**RAW DATA:**
*****
(* Let $\alpha>0$ be a constant and let $n$ be an integer with \[ 3 \le n < 10+4\alpha . \] Then the solution curve of the generalized Gelfand problem \[ u''+\frac{n-1}{r}u'+\lambda r^{\alpha}e^{u}=0 \quad (0<r<1), \qquad u'(0)=0,\quad u(1)=0, \] makes infinitely many turns. That is, with $w$ and $\lambda(t)$ as in the context, $\lambda'(t)$ changes sign infinitely many times on $(0,\infty)$.
   Context: Here $\lambda>0$ is a parameter. Let $w(t)$ be the solution of the initial value problem \[ w''+\frac{n-1}{t}w'+t^{\alpha}e^{w}=0, \qquad w(0)=0,\quad w'(0)=0 \qquad (t>0). \] This solution is negative and decreasing and is defined for all $t>0$. For each $t>0$, the function $u(r)=w(tr)-w(t)$ solves the boundary value problem with $\lambda=\lambda(t):=t^{\alpha+2}e^{w(t)}$, and all solutions arise in this way. The solution curve is the parametrized curve \[ t\mapsto(\lambda,u(0))=\bigl(t^{\alpha+2}e^{w(t)},\,-w(t)\bigr), \qquad t\in(0,\infty). \] A turn of the curve is a change of sign of $\lambda'(t)$. *)

theory Defs
  imports "HOL-Analysis.Analysis"
begin

definition infinitely_many_sign_changes :: "(real \<Rightarrow> real) \<Rightarrow> real set \<Rightarrow> bool" where
  "infinitely_many_sign_changes f S \<longleftrightarrow>
     (\<forall>N::nat. \<exists>t::nat \<Rightarrow> real. (\<forall>i\<le>N. t i \<in> S) \<and>
        (\<forall>i<N. t i < t (Suc i) \<and> f (t i) * f (t (Suc i)) < 0))"

definition gelfand_lambda :: "real \<Rightarrow> (real \<Rightarrow> real) \<Rightarrow> real \<Rightarrow> real" where
  "gelfand_lambda \<alpha> w t = t powr (\<alpha> + 2) * exp (w t)"

end

theory Submission
  imports Defs
begin

text \<open>In the Emden--Fowler variables \<open>s = ln t\<close>, \<open>v(s) = w(e\<^sup>s) + (\<alpha> + 2) s\<close>,
  \<open>y = v'\<close>, the sign of \<open>\<lambda>'(e\<^sup>s)\<close> is the sign of \<open>y(s)\<close>, and \<open>v\<close> solves the
  autonomous damped oscillator \<open>v'' + m v' + e\<^sup>v = c\<close> with \<open>m = n - 2\<close>, \<open>c = m (\<alpha> + 2)\<close>.
  The bound \<open>n < 10 + 4 \<alpha>\<close> says exactly \<open>c > m\<^sup>2 / 4\<close>: the linearisation at the
  equilibrium \<open>v = ln c\<close> is underdamped.
  The energy \<open>y\<^sup>2 / 2 + e\<^sup>v - c v\<close> decreases, so \<open>y + m v\<close> stays bounded; as its
  derivative is \<open>c - e\<^sup>v\<close>, \<open>e\<^sup>v\<close> cannot stay away from \<open>c\<close>. Hence if \<open>y\<close> eventually
  kept one sign, \<open>v\<close> would approach \<open>ln c\<close> monotonically from one side, and
  \<open>p = exp(m s / 2) |v - ln c|\<close> would be a nonnegative solution of \<open>p'' \<le> -\<epsilon> p\<close>, which must
  vanish. But the trajectory cannot sit at the equilibrium, by backward uniqueness, since
  \<open>y(s) \<rightarrow> \<alpha> + 2\<close> as \<open>s \<rightarrow> -\<infinity>\<close>.\<close>

lemma increment_le_of_deriv_le:
  fixes f f' :: "real \<Rightarrow> real"
  assumes "a \<le> b"
    and "\<And>x. a \<le> x \<Longrightarrow> x \<le> b \<Longrightarrow> (f has_real_derivative f' x) (at x)"
    and "\<And>x. a \<le> x \<Longrightarrow> x \<le> b \<Longrightarrow> f' x \<le> K"
  shows "f b - f a \<le> K * (b - a)"
proof -
  have "(\<lambda>x. f x - K * x) b \<le> (\<lambda>x. f x - K * x) a"
  proof (rule DERIV_nonpos_imp_nonincreasing[OF assms(1)])
    fix x assume "a \<le> x" "x \<le> b"
    then show "\<exists>y. ((\<lambda>x. f x - K * x) has_real_derivative y) (at x) \<and> y \<le> 0"
      using DERIV_diff[OF assms(2) DERIV_cmult_Id, of x K] assms(3)[of x] by force
  qed
  then show ?thesis by (simp add: algebra_simps)
qed
text \<open>Column orthogonality: summing \<open>\<chi>(g)\<close> over all characters gives zero unless \<open>g = \<one>\<close>,
  because multiplying by a character with \<open>\<chi>\<^sub>0(g) \<noteq> 1\<close> permutes the characters.\<close>
lemma sum_characters:
  assumes g: "g \<in> K"
  shows "(\<Sum>\<chi>\<in>characters K. \<chi> g) = (if g = \<one> then of_nat (card (characters K)) else 0)"
proof (cases "g = \<one>")
  case True
  then show ?thesis by (simp add: character_one)
next
  case False
  obtain \<chi>0 where chi0: "\<chi>0 \<in> characters K" "\<chi>0 g \<noteq> 1" using characters_separate[OF g False] by blast
  have nz: "x \<in> K \<Longrightarrow> \<chi>0 x \<noteq> 0" for x by (rule character_nonzero[OF chi0(1) K_subgroup])
  have "(\<Sum>\<chi>\<in>characters K. \<chi>0 g * \<chi> g) = (\<Sum>\<chi>\<in>characters K. \<chi> g)"
  proof (rule sum.reindex_bij_witness[where i="\<lambda>\<chi> x. inverse (\<chi>0 x) * \<chi> x" and j="\<lambda>\<chi> x. \<chi>0 x * \<chi> x"])
    fix \<chi> assume chi: "\<chi> \<in> characters K"
    have "inverse (\<chi>0 x) * (\<chi>0 x * \<chi> x) = \<chi> x" "\<chi>0 x * (inverse (\<chi>0 x) * \<chi> x) = \<chi> x" for x
      using nz[of x] character_outside[OF chi, of x] by (cases "x \<in> K"; simp)+
    then show "(\<lambda>x. inverse (\<chi>0 x) * (\<chi>0 x * \<chi> x)) = \<chi>" "(\<lambda>x. \<chi>0 x * (inverse (\<chi>0 x) * \<chi> x)) = \<chi>"
      by auto
    show "(\<lambda>x. \<chi>0 x * \<chi> x) \<in> characters K" "(\<lambda>x. inverse (\<chi>0 x) * \<chi> x) \<in> characters K"
      using chi chi0(1) unfolding characters_def by (auto simp: inverse_mult_distrib)
  qed simp
  then have "\<chi>0 g * (\<Sum>\<chi>\<in>characters K. \<chi> g) = (\<Sum>\<chi>\<in>characters K. \<chi> g)"
    by (simp add: sum_distrib_left)
  then have "(\<chi>0 g - 1) * (\<Sum>\<chi>\<in>characters K. \<chi> g) = 0"
    by (simp add: algebra_simps)
  then show ?thesis using chi0(2) False by simp
qed

definition char_idempotent :: "('g \<Rightarrow> complex) \<Rightarrow> 'g \<Rightarrow> complex" where
  "char_idempotent \<chi> = (\<lambda>x. if x \<in> K then \<chi> (inv x) / of_nat (card K) else 0)"

lemma char_idempotent_in_CK: "char_idempotent \<chi> \<in> ga_sub G K"
  by (simp add: ga_sub_def char_idempotent_def)

lemma char_idempotent_eigen:
  assumes chi: "\<chi> \<in> characters K" and k: "k \<in> K"
  shows "\<delta> k \<star> char_idempotent \<chi> = (\<lambda>x. \<chi> k * char_idempotent \<chi> x)"
proof (rule ext)
  fix x
  have mem: "inv k \<otimes> x \<in> K \<longleftrightarrow> x \<in> K" if "x \<in> carrier G"
    using that k K_mult[OF k] K_mult[OF K_inv[OF k]] by (force simp: K_closed m_assoc[symmetric])
  have "x \<in> K \<Longrightarrow> \<chi> (inv (inv k \<otimes> x)) = \<chi> k * \<chi> (inv x)"
    using character_mult[OF chi K_inv k] k by (simp add: inv_mult_group K_closed K_inv mult.commute)
  then show "(\<delta> k \<star> char_idempotent \<chi>) x = \<chi> k * char_idempotent \<chi> x"
    using mem K_closed k by (auto simp: delta_conv char_idempotent_def)
qed

lemma char_idempotent_idem:
  assumes chi: "\<chi> \<in> characters K"
  shows "char_idempotent \<chi> \<star> char_idempotent \<chi> = char_idempotent \<chi>"
proof -
  have "(\<Sum>k\<in>K. char_idempotent \<chi> k * \<chi> k) = (\<Sum>k\<in>K. 1 / of_nat (card K))"
    using character_inv[OF chi K_subgroup] by (intro sum.cong) (auto simp: char_idempotent_def K_inv mult.commute)
  also have "\<dots> = 1" using card_K_pos by simp
  finally show ?thesis
    using conv_eigenvector[OF char_idempotent_in_CK char_idempotent_eigen[OF chi]] by simp
qed

lemma char_idempotent_eigen_idempotent:
  assumes chi: "\<chi> \<in> characters K" shows "eigen_idempotent K (char_idempotent \<chi>)"
proof -
  have "char_idempotent \<chi> \<one> \<noteq> 0"
    using K_one card_K_pos character_one[OF chi] by (simp add: char_idempotent_def)
  then show ?thesis
    unfolding eigen_idempotent_def
    using char_idempotent_in_CK char_idempotent_idem[OF chi] char_idempotent_eigen[OF chi] by fastforce
qed

lemma char_idempotent_inj: "inj_on char_idempotent (characters K)"
proof (rule inj_onI, rule ext)
  fix \<chi> \<chi>' k assume chi: "\<chi> \<in> characters K" "\<chi>' \<in> characters K"
    and eq: "char_idempotent \<chi> = char_idempotent \<chi>'"
  show "\<chi> k = \<chi>' k"
  proof (cases "k \<in> K")
    case True
    then show ?thesis
      using fun_cong[OF eq, of "inv k"] card_K_pos by (simp add: char_idempotent_def K_inv K_closed)
  qed (simp add: character_outside[OF chi(1)] character_outside[OF chi(2)])
qed

lemma delta_in_char_span:
  assumes k: "k \<in> K"
  shows "\<delta> k = (\<lambda>x. \<Sum>\<chi>\<in>characters K.
                    (of_nat (card K) / of_nat (card (characters K)) * \<chi> k) * char_idempotent \<chi> x)"
proof (rule ext)
  fix x
  show "\<delta> k x = (\<Sum>\<chi>\<in>characters K.
                  (of_nat (card K) / of_nat (card (characters K)) * \<chi> k) * char_idempotent \<chi> x)"
  proof (cases "x \<in> K")
    case True
    have "(\<Sum>\<chi>\<in>characters K. (of_nat (card K) / of_nat (card (characters K)) * \<chi> k) * char_idempotent \<chi> x)
        = (\<Sum>\<chi>\<in>characters K. \<chi> (k \<otimes> inv x)) / of_nat (card (characters K))"
      unfolding sum_divide_distrib
      using character_mult[OF _ k K_inv[OF True]] True card_K_pos
      by (intro sum.cong) (simp_all add: char_idempotent_def)
    also have "\<dots> = (if k \<otimes> inv x = \<one> then 1 else 0)"
      using sum_characters[OF K_mult[OF k K_inv[OF True]]] card_characters_pos by simp
    also have "(k \<otimes> inv x = \<one>) = (x = k)"
      using K_closed[OF k] K_closed[OF True] by (metis inv_closed inv_equality inv_inv r_inv)
    finally show ?thesis by (simp add: ga_delta_def eq_commute)
  next
    case False
    then show ?thesis using k by (auto simp: ga_delta_def char_idempotent_def)
  qed
qed

definition is_idem_eigenbasis :: "('g \<Rightarrow> complex) set \<Rightarrow> bool" where
  "is_idem_eigenbasis B \<longleftrightarrow> ga_basis G K B \<and>
     (\<forall>b\<in>B. \<forall>a\<in>ga_sub G K. \<exists>\<mu>. a \<star> b = (\<lambda>x. \<mu> * b x)) \<and>
     (\<forall>b\<in>B. b \<star> b = b) \<and>
     (\<forall>b\<in>B. \<forall>b'\<in>B. b \<noteq> b' \<longrightarrow> b \<star> b' = zero_ga)"

text \<open>Basis vectors are nonzero, so every member of such a basis is an eigen-idempotent.\<close>
lemma is_idem_eigenbasis_members:
  assumes B: "is_idem_eigenbasis B" and b: "b \<in> B"
  shows "eigen_idempotent K b"
proof -
  have fB: "finite B" and indep: "\<And>f. (\<lambda>x. \<Sum>b\<in>B. f b * b x) = zero_ga \<Longrightarrow> \<forall>b\<in>B. f b = 0"
    using B unfolding is_idem_eigenbasis_def ga_basis_def by auto
  have select: "(\<lambda>x. \<Sum>b'\<in>B. (if b' = b then 1 else 0) * b' x) = b"
  proof (rule ext)
    fix x
    have "(\<Sum>b'\<in>B. (if b' = b then 1 else 0) * b' x) = (\<Sum>b'\<in>B. if b' = b then b x else 0)"
      by (rule sum.cong) auto
    then show "(\<Sum>b'\<in>B. (if b' = b then 1 else 0) * b' x) = b x" using fB b by simp
  qed
  have "b \<noteq> zero_ga"
  proof
    assume "b = zero_ga"
    then have "\<forall>b'\<in>B. (if b' = b then 1 else 0) = (0::complex)"
      using select by (intro indep) argo
    then show False using b by (metis one_neq_zero)
  qed
  then show ?thesis
    using B b delta_in_CK unfolding is_idem_eigenbasis_def ga_basis_def eigen_idempotent_def by blast
qed
lemma lipschitz_derivative_of_quadratic_remainder:
  fixes F :: "'a::real_inner \<Rightarrow> 'b::real_normed_vector" and F' :: "'a \<Rightarrow> 'a \<Rightarrow>\<^sub>L 'b"
  assumes remainder: "\<And>p q. norm (F p - F q - F' q (p - q)) \<le> K * (norm (p - q))\<^sup>2"
  shows "norm (F' x - F' y) \<le> 2 * K * norm (x - y)"
proof (cases "x = y")
  case False
  have "0 \<le> K * (norm (x - y))\<^sup>2"
    using order.trans[OF norm_ge_zero remainder[of x y]] .
  with False have "0 \<le> K"
    by (simp add: zero_le_mult_iff)
  show ?thesis
  proof (rule norm_blinfun_bound)
    show "0 \<le> 2 * K * norm (x - y)"
      using \<open>0 \<le> K\<close> by simp
    fix u
    show "norm ((F' x - F' y) u) \<le> 2 * K * norm (x - y) * norm u"
    proof (cases "u = 0")
      case False
      \<comment> \<open>this choice makes both terms of the bound equal\<close>
      define s where "s = norm (x - y) / (2 * norm u)"
      have "0 < s"
        using False \<open>x \<noteq> y\<close> by (simp add: s_def)
      have "2 * s * norm ((F' x - F' y) u) \<le> K * (norm (x - y))\<^sup>2 + 4 * K * (norm (s *\<^sub>R u))\<^sup>2"
        using derivative_diff_bound_of_quadratic_remainder[OF remainder, of x y "s *\<^sub>R u"] \<open>0 < s\<close>
        by (simp add: blinfun.scaleR_right)
      also have "\<dots> = 2 * s * (2 * K * norm (x - y) * norm u)"
        using False by (simp add: s_def power2_eq_square field_simps)
      finally show ?thesis
        by (rule mult_left_le_imp_le) (use \<open>0 < s\<close> in simp)
    qed simp
  qed
qed simp

locale quadratic_affine_defect =
  fixes F :: "'a::real_normed_vector \<Rightarrow> 'b::banach" and K :: real
  assumes K_nonneg: "0 \<le> K"
    and affine_defect: "\<And>a b l. 0 \<le> l \<Longrightarrow> l \<le> 1 \<Longrightarrow>
      norm (F (l *\<^sub>R a + (1 - l) *\<^sub>R b) - (l *\<^sub>R F a + (1 - l) *\<^sub>R F b))
        \<le> K * l * (1 - l) * (norm (a - b))\<^sup>2"
begin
*****
In the listing, count the lines that contain the word "imports", then give the number and nothing more.

2